If we just look at seasons played, Ohtani is looking pretty good. But Ruth had a 4 year head start, which puts Shohei behind in the age comparison. We can add in the 48 home runs he hit in the Japanese leagues to bring him up to 219, but he still trails the Bambino.

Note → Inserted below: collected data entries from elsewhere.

lemma lift_vertex_C:
  assumes X: "X \<in> verts D" and high: "q1 \<le> class_level X"
    and bottom: "class_level X = 0 \<Longrightarrow> \<exists>Y. edge D X Y \<and> 0 < class_level Y"
  shows "\<exists>z\<in>verts C. d z = X"
proof -
  obtain x where x: "x \<in> VD" "X = clD x" using X verts_D by auto
  have "\<exists>x'\<in>X. \<exists>w\<in>VC. d_pre w = x'"
  proof (cases x rule: cyl_vertex_cases)
    case (H h)
    have bottom_level: "class_level X = 0" using x class_level_eq H by (simp add: level_def)
    then obtain Y where Y: "edge D X Y" "0 < class_level Y" using bottom by blast
    then obtain x' y' where xy': "x' \<in> VD" "y' \<in> VD" "X = clD x'" "Y = clD y'" "edge PD x' y'"
      by (elim edge_D_obtain)
    have "level x' = 0" "0 < level y'" using xy' bottom_level Y class_level_eq by auto
    then obtain v where v: "v \<in> verts G" "x' = Inr (Inl (v, 0))" using level_bottom_edge xy'(5) by blast
    have "d_pre (Inr (Inl (v, 0))) = Inr (Inl (v, q1))" by (simp add: d_pre_def)
    moreover have "q1 = 0" using bottom_level high by simp
    ultimately show ?thesis using v xy' key_class_self[OF xy'(1)]
      by (intro bexI[of _ x'] bexI[of _ "Inr (Inl (v, 0))"]) auto
  next
    case (mid v t)
    have "q1 \<le> t" "t \<le> M" using high x class_level_eq mid by (auto simp: level_def)
    then show ?thesis using x key_class_self[OF x(1)] mid
      by (intro bexI[of _ x] bexI[of _ "Inr (Inl (v, t - q1))"]) (auto simp: d_pre_def)
  next
    case (K k)
    then show ?thesis using x key_class_self[OF x(1)]
      by (intro bexI[of _ x] bexI[of _ "Inr (Inr k)"]) (auto simp: d_pre_def)
  qed
  then obtain x' w where xw: "x' \<in> X" "w \<in> VC" "d_pre w = x'" by blast
  have "clD x' = X" using key_class_of_member[of x' VD \<kappa>D x] xw(1) x(2) by simp
  then show ?thesis using d_class[OF xw(2)] xw verts_C by auto
qed

lemma lift_edge_B:
  assumes z: "z1 \<in> verts B" "z2 \<in> verts B" and e: "edge D (c z1) (c z2)"
    and not_top: "z1 \<noteq> z2 \<Longrightarrow> \<not> (class_level (c z1) = M \<and> class_level (c z2) = M)"
  shows "edge B z1 z2"
proof -
  obtain w1 w2 where w: "w1 \<in> VB" "z1 = clB w1" "w2 \<in> VB" "z2 = clB w2" using z verts_B by auto
  show ?thesis
  proof (cases "z1 = z2")
    case True
    have "edge PB w1 w1" using cyl_pre_refl[OF graph_G graph_H graph_G w(1)] .
    then show ?thesis using True w key_class_self[OF w(1)] unfolding edge_B by blast
  next
    case False
    obtain x y where xy: "x \<in> VD" "y \<in> VD" "c z1 = clD x" "c z2 = clD y" "edge PD x y"
      using e by (elim edge_D_obtain)
    have "clD x = clD (c_pre w1)" "clD y = clD (c_pre w2)" using xy(3,4) c_class w by auto
    then have key: "\<kappa>D x = \<kappa>D (c_pre w1)" "\<kappa>D y = \<kappa>D (c_pre w2)"
      using key_class_eq_iff[OF xy(1), of \<kappa>D] key_class_eq_iff[OF xy(2), of \<kappa>D] by simp_all
    have "level x \<le> mB" "level y \<le> mB"
      using level_key[OF xy(1) c_pre_vert] level_key[OF xy(2) c_pre_vert] key c_pre_level w by auto
    moreover have "\<not> (level x = M \<and> level y = M)" using False not_top xy class_level_eq by simp
    ultimately have inv: "c_pre (c_pre_inv x) = x" "c_pre (c_pre_inv y) = y"
      and inv_edge: "edge PB (c_pre_inv x) (c_pre_inv y)"
      using c_pre_inv_edge[OF xy(5)] by blast+
    have "c_pre_inv x \<in> VB" "c_pre_inv y \<in> VB"
      using cyl_pre_edge_verts[OF graph_G graph_H graph_G inv_edge] by simp_all
    moreover have "\<kappa>B (c_pre_inv x) = \<kappa>B w1" "\<kappa>B (c_pre_inv y) = \<kappa>B w2"
      using c_pre_key_iff[OF calculation(1) w(1)] c_pre_key_iff[OF calculation(2) w(3)] inv key by simp_all
    ultimately have "c_pre_inv x \<in> z1" "c_pre_inv y \<in> z2" using w by (simp_all add: mem_key_class_iff)
    then show ?thesis using z verts_B inv_edge unfolding edge_B by blast
  qed
qed

lemma lift_edge_C:
  assumes z: "z1 \<in> verts C" "z2 \<in> verts C" and e: "edge D (d z1) (d z2)"
    and not_bottom: "z1 \<noteq> z2 \<Longrightarrow> \<not> (class_level (d z1) = 0 \<and> class_level (d z2) = 0)"
  shows "edge C z1 z2"
proof -
  obtain w1 w2 where w: "w1 \<in> VC" "z1 = clC w1" "w2 \<in> VC" "z2 = clC w2" using z verts_C by auto
  show ?thesis
  proof (cases "z1 = z2")
    case True
    have "edge PC w1 w1" using cyl_pre_refl[OF graph_G graph_G graph_K w(1)] .
    then show ?thesis using True w key_class_self[OF w(1)] unfolding edge_C by blast
  next
    case False
    obtain x y where xy: "x \<in> VD" "y \<in> VD" "d z1 = clD x" "d z2 = clD y" "edge PD x y"
      using e by (elim edge_D_obtain)
    have "clD x = clD (d_pre w1)" "clD y = clD (d_pre w2)" using xy(3,4) d_class w by auto
    then have key: "\<kappa>D x = \<kappa>D (d_pre w1)" "\<kappa>D y = \<kappa>D (d_pre w2)"
      using key_class_eq_iff[OF xy(1), of \<kappa>D] key_class_eq_iff[OF xy(2), of \<kappa>D] by simp_all
    have "q1 \<le> level x" "q1 \<le> level y"
      using level_key[OF xy(1) d_pre_vert] level_key[OF xy(2) d_pre_vert] key d_pre_level w by auto
    moreover have "\<not> (level x = 0 \<and> level y = 0)" using False not_bottom xy class_level_eq by simp
    ultimately have inv: "d_pre (d_pre_inv x) = x" "d_pre (d_pre_inv y) = y"
      and inv_edge: "edge PC (d_pre_inv x) (d_pre_inv y)"
      using d_pre_inv_edge[OF xy(5)] by blast+
    have "d_pre_inv x \<in> VC" "d_pre_inv y \<in> VC"
      using cyl_pre_edge_verts[OF graph_G graph_G graph_K inv_edge] by simp_all
    moreover have "\<kappa>C (d_pre_inv x) = \<kappa>C w1" "\<kappa>C (d_pre_inv y) = \<kappa>C w2"
      using d_pre_key_iff[OF calculation(1) w(1)] d_pre_key_iff[OF calculation(2) w(3)] inv key by simp_all
    ultimately have "d_pre_inv x \<in> z1" "d_pre_inv y \<in> z2" using w by (simp_all add: mem_key_class_iff)
    then show ?thesis using z verts_C inv_edge unfolding edge_C by blast
  qed
qed

lemma lift_cube_B:
  assumes e: "e \<in> cubes D m"
    and low: "\<And>x. length x = m \<Longrightarrow> class_level (e x) \<le> mB"
    and top: "\<And>y y'. length y = m \<Longrightarrow> class_level (e y) = M \<Longrightarrow>
      1 \<le> m \<and> (edge (cube_graph m) y y' \<longrightarrow> y' \<noteq> y \<longrightarrow> class_level (e y') < M)"
  shows "\<exists>e'\<in>cubes B m. \<forall>x. length x = m \<longrightarrow> c (e' x) = e x"
proof -
  have "\<exists>z. z \<in> verts B \<and> c z = e x" if x: "length x = m" for x
  proof -
    have "\<exists>Y. edge D (e x) Y \<and> class_level Y < M" if extreme: "class_level (e x) = M"
    proof -
      obtain y' where "edge (cube_graph m) x y'" "y' \<noteq> x" using cube_has_neighbour x top[OF x extreme] by blast
      then show ?thesis using top[OF x extreme] cubes_edge[OF e] by blast
    qed
    then have "\<exists>z\<in>verts B. c z = e x" by (rule lift_vertex_B[OF cubes_vert[OF e x] low[OF x]])
    then show ?thesis by blast
  qed
  then obtain e0 where e0: "\<And>x. length x = m \<Longrightarrow> e0 x \<in> verts B \<and> c (e0 x) = e x" by metis
  define e' where "e' x = (if length x = m then e0 x else undefined)" for x
  have "e' \<in> cubes B m"
  proof (rule cubesI)
    fix x y assume xy: "edge (cube_graph m) x y"
    then have l: "length x = m" "length y = m" using cube_graph_edge_length by auto
    show "edge B (e' x) (e' y)"
    proof (rule lift_edge_B)
      show "e' x \<in> verts B" "e' y \<in> verts B" "edge D (c (e' x)) (c (e' y))"
        using e0 l cubes_edge[OF e xy] by (simp_all add: e'_def)
      assume "e' x \<noteq> e' y"
      then have "x \<noteq> y" by auto
      then show "\<not> (class_level (c (e' x)) = M \<and> class_level (c (e' y)) = M)"
        using top[OF l(1), of y] xy e0 l by (auto simp: e'_def)
    qed
  qed (use e0 in \<open>auto simp: e'_def\<close>)
  moreover have "\<forall>x. length x = m \<longrightarrow> c (e' x) = e x" using e0 by (simp add: e'_def)
  ultimately show ?thesis by blast
qed

lemma lift_cube_C:
  assumes e: "e \<in> cubes D m"
    and high: "\<And>x. length x = m \<Longrightarrow> q1 \<le> class_level (e x)"
    and bottom: "\<And>y y'. length y = m \<Longrightarrow> class_level (e y) = 0 \<Longrightarrow>
      1 \<le> m \<and> (edge (cube_graph m) y y' \<longrightarrow> y' \<noteq> y \<longrightarrow> 0 < class_level (e y'))"
  shows "\<exists>e'\<in>cubes C m. \<forall>x. length x = m \<longrightarrow> d (e' x) = e x"
proof -
  have "\<exists>z. z \<in> verts C \<and> d z = e x" if x: "length x = m" for x
  proof -
    have "\<exists>Y. edge D (e x) Y \<and> 0 < class_level Y" if extreme: "class_level (e x) = 0"
    proof -
      obtain y' where "edge (cube_graph m) x y'" "y' \<noteq> x" using cube_has_neighbour x bottom[OF x extreme] by blast
      then show ?thesis using bottom[OF x extreme] cubes_edge[OF e] by blast
    qed
    then have "\<exists>z\<in>verts C. d z = e x" by (rule lift_vertex_C[OF cubes_vert[OF e x] high[OF x]])
    then show ?thesis by blast
  qed
  then obtain e0 where e0: "\<And>x. length x = m \<Longrightarrow> e0 x \<in> verts C \<and> d (e0 x) = e x" by metis
  define e' where "e' x = (if length x = m then e0 x else undefined)" for x
  have "e' \<in> cubes C m"
  proof (rule cubesI)
    fix x y assume xy: "edge (cube_graph m) x y"
    then have l: "length x = m" "length y = m" using cube_graph_edge_length by auto
    show "edge C (e' x) (e' y)"
    proof (rule lift_edge_C)
      show "e' x \<in> verts C" "e' y \<in> verts C" "edge D (d (e' x)) (d (e' y))"
        using e0 l cubes_edge[OF e xy] by (simp_all add: e'_def)
      assume "e' x \<noteq> e' y"
      then have "x \<noteq> y" by auto
      then show "\<not> (class_level (d (e' x)) = 0 \<and> class_level (d (e' y)) = 0)"
        using bottom[OF l(1), of y] xy e0 l by (auto simp: e'_def intro: gr0I)
    qed
  qed (use e0 in \<open>auto simp: e'_def\<close>)
  moreover have "\<forall>x. length x = m \<longrightarrow> d (e' x) = e x" using e0 by (simp add: e'_def)
  ultimately show ?thesis by blast
qed

lemma cube_class_level_lipschitz:
  "e \<in> cubes D m \<Longrightarrow> edge (cube_graph m) x y \<Longrightarrow> class_level (e x) \<le> class_level (e y) + 1"
  using class_level_edge cubes_edge by blast

lemma cube_class_level_spread:
  assumes "e \<in> cubes D m" "length x = m" "length y = m"
  shows "class_level (e x) \<le> class_level (e y) + m"
proof -
  have "\<And>x y. edge (cube_graph m) x y \<Longrightarrow> class_level (e x) \<le> class_level (e y) + 1"
    using cube_class_level_lipschitz[OF assms(1)] .
  from lipschitz_spread[of m "\<lambda>x. class_level (e x)", OF this assms(2,3)] show ?thesis .
qed

lemma top_corner_isolated:
  assumes e: "e \<in> cubes D m" and m: "m \<le> Suc p" and "q2 = 0"
    and x0: "length x0 = m" "class_level (e x0) < q1" and y: "length y = m" "class_level (e y) = M"
  shows "1 \<le> m \<and> (edge (cube_graph m) y y' \<longrightarrow> y' \<noteq> y \<longrightarrow> class_level (e y') < M)"
proof -
  have lipschitz: "\<And>x y. edge (cube_graph m) x y \<Longrightarrow> class_level (e x) \<le> class_level (e y) + 1"
    using cube_class_level_lipschitz[OF e] .
  have "class_level (e x0) + m \<le> class_level (e y)" using x0 y m \<open>q2 = 0\<close> by simp
  then have "edge (cube_graph m) y y' \<longrightarrow> y' \<noteq> y \<longrightarrow> class_level (e y') < class_level (e y)"
    using lipschitz_strict_max[of m "\<lambda>x. class_level (e x)", OF lipschitz] x0 y
    by blast
  moreover have "1 \<le> m" using cube_class_level_spread[OF e y(1) x0(1)] x0 y \<open>q2 = 0\<close> by simp
  ultimately show ?thesis using y by simp
qed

Of course, we’re dealing with two vastly different eras of baseball. Ruth played when hitting home runs was rare, the league wasn’t integrated, and the sport was in many ways still figuring itself out. That he’s still regarded as the best player of all time is a testament to his prowess, that Ohtani is being legitimately compared to him is all the more reason to watch him play. Even if it’s with the Dodgers.